Melody Fair: Marty Stuart and Doug Stone

This article appeared in The Buffalo News - August 30, 1993

Friday night, Melody Fair was pepper-pot hot as country love tokens Marty Stuart and Doug Stone generated humid thunderclouds of excitement amid a perspiration-drenched packed house.

It was a "No Hats" night of superior New Traditionalist music performed by two of country's torch-bearing acolytes.

In the last several years, Nashville music executives have tried to label and pigeonhole country singers into "Hat" acts (Garth Brooks, Dwight Yoakam, Alan Jackson, etc.) or "Non-Hats" (Stuart, Stone, Travis Tritt, etc.)

Stuart and Tritt's recent "No Hats" tour poked fun at the concept and reinforced Stuart's torch-bearing litany that "Hillbilly" music traditions must not be muscled aside by Adult Contemporary-sounding crossover ambitions.

Both Stuart and Stone use blues and rock elements in their songs, but never to the point where it overwhelms the country style.

The irony is that the current country music Renaissance is reminiscent of the early 1950s when young country singers infatuated with blues styles married the two traditions and produced a high-spirited offspring known as "Rock-A-Billy" or "Rock 'n' Roll."

Stone opened his 75-minute set with Stevie Ray Vaughan's adrenaline-pumping "The House Is Rocking," followed immediately by his current single "Warning Labels"--a pure country ditty that playfully suggests that sad country songs, like cigarettes and films, should have warning labels.

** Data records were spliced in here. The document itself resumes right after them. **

(* For any $\alpha>0$ and any $\varepsilon\in(0,1)$ there exists $C_{\alpha,\varepsilon}>0$ such that for all $N\ge2$, $$T_{N,\alpha}(1-\varepsilon)\ge\frac{N^2}{\pi^2}\big(\log N-C_{\alpha,\varepsilon}\big).$$
   Context: $\Omega_N=\{x\in\mathbb{R}^{N-1}:0\le x_1\le\dots\le x_{N-1}\le N\}$ with $x_0=0,x_N=N$; $\rho_\alpha(u)=\frac{\Gamma(2\alpha)}{\Gamma(\alpha)^2}[u(1-u)]^{\alpha-1}$; $\pi_{N,\alpha}$ is the probability on $\Omega_N$ with density proportional to $\prod_{i=1}^N(x_i-x_{i-1})^{\alpha-1}$. The Markov chain has generator $(\mathcal{L}_{N,\alpha}f)(x)=\sum_{i=1}^{N-1}\int_0^1(f(x^{(i,u)})-f(x))\rho_\alpha(u)du$, $x^{(i,u)}_j=x_j$ ($j\ne i$), $x^{(i,u)}_i=ux_{i-1}+(1-u)x_{i+1}$; $P^x_t$ is its law at time $t$ from $x$; $T_{N,\alpha}(\varepsilon)=\inf\{t\ge0:\sup_{x\in\Omega_N}\|P^x_t-\pi_{N,\alpha}\|_{TV}<\varepsilon\}$. *)

theory Defs
  imports "HOL-Probability.Probability"
begin

text \<open>State space: configurations are functions on the index set {1..<N}
  (extensional, as elements of the product measurable space), i.e. points of R^(N-1).\<close>

definition state_space :: "nat \<Rightarrow> (nat \<Rightarrow> real) measure" where
  "state_space N = (\<Pi>\<^sub>M i\<in>{1..<N}. lborel)"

Stuart and his band, dressed in rhinestone shirts and black and white cowboy boots--looking like the Byrds from their "Sweetheart of the Rodeo" period--kicked off their set with "Back To The Country," a back-to-the-basics song brimming with lots of pedal steel, fiddle and razor-sharp drumming.

Despite the heat and humidity, the two country standard bearers juiced up the energy and excitement level with rolling peals of country thunder balanced by sweetly moist love songs.

"Tempted," with its Buddy Holly rhythm chords, was a perfect example of Stuart's mixture of traditional country with rock elements. He likes to brag, "We're like The Rolling Stones of country music--we're loud and you can't take us everywhere."

His major guitar chops and encyclopedic knowledge of country music are topped off with a great sense of humor and boundless energy.

It was obvious that both performers love their fans and the feeling is more than reciprocated. I took little effort for Darlene Amberge, president of The Make-A-Wish Foundation, to persuade Stone to fulfill Lucy Gonzalez' wish, thrilling the young fan by bringing her on stage with him.

More than an hour after the concert had ended, the "instamatic and roses" fans were still milling around Marty Stuart's big black tour bus (formerly owned by Country legend Ernest Tubb), getting autographs and jawing with their heroes. It may not be cool to like country, but there's no denying the music is hot.